Gietz R Daniel, Schiestl Robert H
Department of Biochemistry and Medical Genetics, University of Manitoba, T250-770 Bannatyne Ave., Winnipeg, Manitoba R3E 0W3, Canada.
Nat Protoc. 2007;2(1):1-4. doi: 10.1038/nprot.2007.17.

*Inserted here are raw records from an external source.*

(* Let $1<p<\infty$ and let $T\in\mathbb{L}(\ell_p)$ with $\|T\|=1$. Suppose that $\operatorname{dist}(T,\mathbb{K}(\ell_p))<1$ and $M_T=\{\pm x_1,\pm x_2,\ldots,\pm x_k\}$, where $\{x_1,\ldots,x_k\}$ is linearly independent in $\ell_p$. Then $T$ is $k$-smooth.
   Context: $\mathbb{L}(\ell_p)$ ($\mathbb{K}(\ell_p)$) is the space of bounded (compact) linear operators on $\ell_p$ with the operator norm. $M_T=\{x\in\ell_p:\|x\|=1,\ \|Tx\|=\|T\|\}$. For a Banach space $\mathbb{Z}$ and a unit vector $z$, $J(z)=\{f\in \mathbb{Z}^*:\|f\|=1,\ f(z)=1\}$; $z$ is $k$-smooth if $\dim\operatorname{span} J(z)=k$; $T$ is $k$-smooth as a point of the unit sphere of $\mathbb{L}(\ell_p)$. *)

theory Defs
  imports "HOL-Analysis.Analysis" "HOL-Library.Function_Algebras"
begin

definition fscale :: "real \<Rightarrow> ('a \<Rightarrow> real) \<Rightarrow> ('a \<Rightarrow> real)" where
  "fscale c f = (\<lambda>x. c * f x)"

definition lp :: "real \<Rightarrow> (nat \<Rightarrow> real) set" where
  "lp p = {x. summable (\<lambda>n. \<bar>x n\<bar> powr p)}"

definition lpnorm :: "real \<Rightarrow> (nat \<Rightarrow> real) \<Rightarrow> real" where
  "lpnorm p x = (\<Sum>n. \<bar>x n\<bar> powr p) powr (1 / p)"

text \<open>Bounded linear operators on l_p (extensional: zero outside l_p).\<close>

definition Lop :: "real \<Rightarrow> ((nat \<Rightarrow> real) \<Rightarrow> (nat \<Rightarrow> real)) set" where
  "Lop p = {T. (\<forall>x\<in>lp p. \<forall>y\<in>lp p. T (x + y) = T x + T y)
              \<and> (\<forall>c. \<forall>x\<in>lp p. T (fscale c x) = fscale c (T x))
              \<and> (\<forall>x\<in>lp p. T x \<in> lp p)
              \<and> (\<exists>C. \<forall>x\<in>lp p. lpnorm p (T x) \<le> C * lpnorm p x)
              \<and> (\<forall>x. x \<notin> lp p \<longrightarrow> T x = 0)}"

definition opnorm :: "real \<Rightarrow> ((nat \<Rightarrow> real) \<Rightarrow> (nat \<Rightarrow> real)) \<Rightarrow> real" where
  "opnorm p T = Sup ((\<lambda>x. lpnorm p (T x)) ` {x \<in> lp p. lpnorm p x \<le> 1})"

Here we describe a protocol for the production of frozen competent yeast cells that can be transformed with high efficiency using the lithium acetate/single-stranded carrier DNA/PEG method. This protocol allows the production of highly competent yeast cells that can be frozen and used at a later date and is especially useful for laboratories using one or two strains repeatedly. The production of yeast cells for freezing takes only approximately 30 min, once the yeast culture has grown up. Transformation with frozen competent yeast cells will take approximately 30 min, depending on the heat shock used.
在此,我们描述了一种制备冷冻感受态酵母细胞的方法,该方法可使用醋酸锂/单链载体DNA/聚乙二醇法进行高效转化。此方法能够制备出可冷冻并在日后使用的高感受态酵母细胞,对于反复使用一两种菌株的实验室尤为有用。一旦酵母培养物生长起来,制备用于冷冻的酵母细胞仅需约30分钟。使用冷冻感受态酵母细胞进行转化,根据所采用的热激条件不同,大约需要30分钟。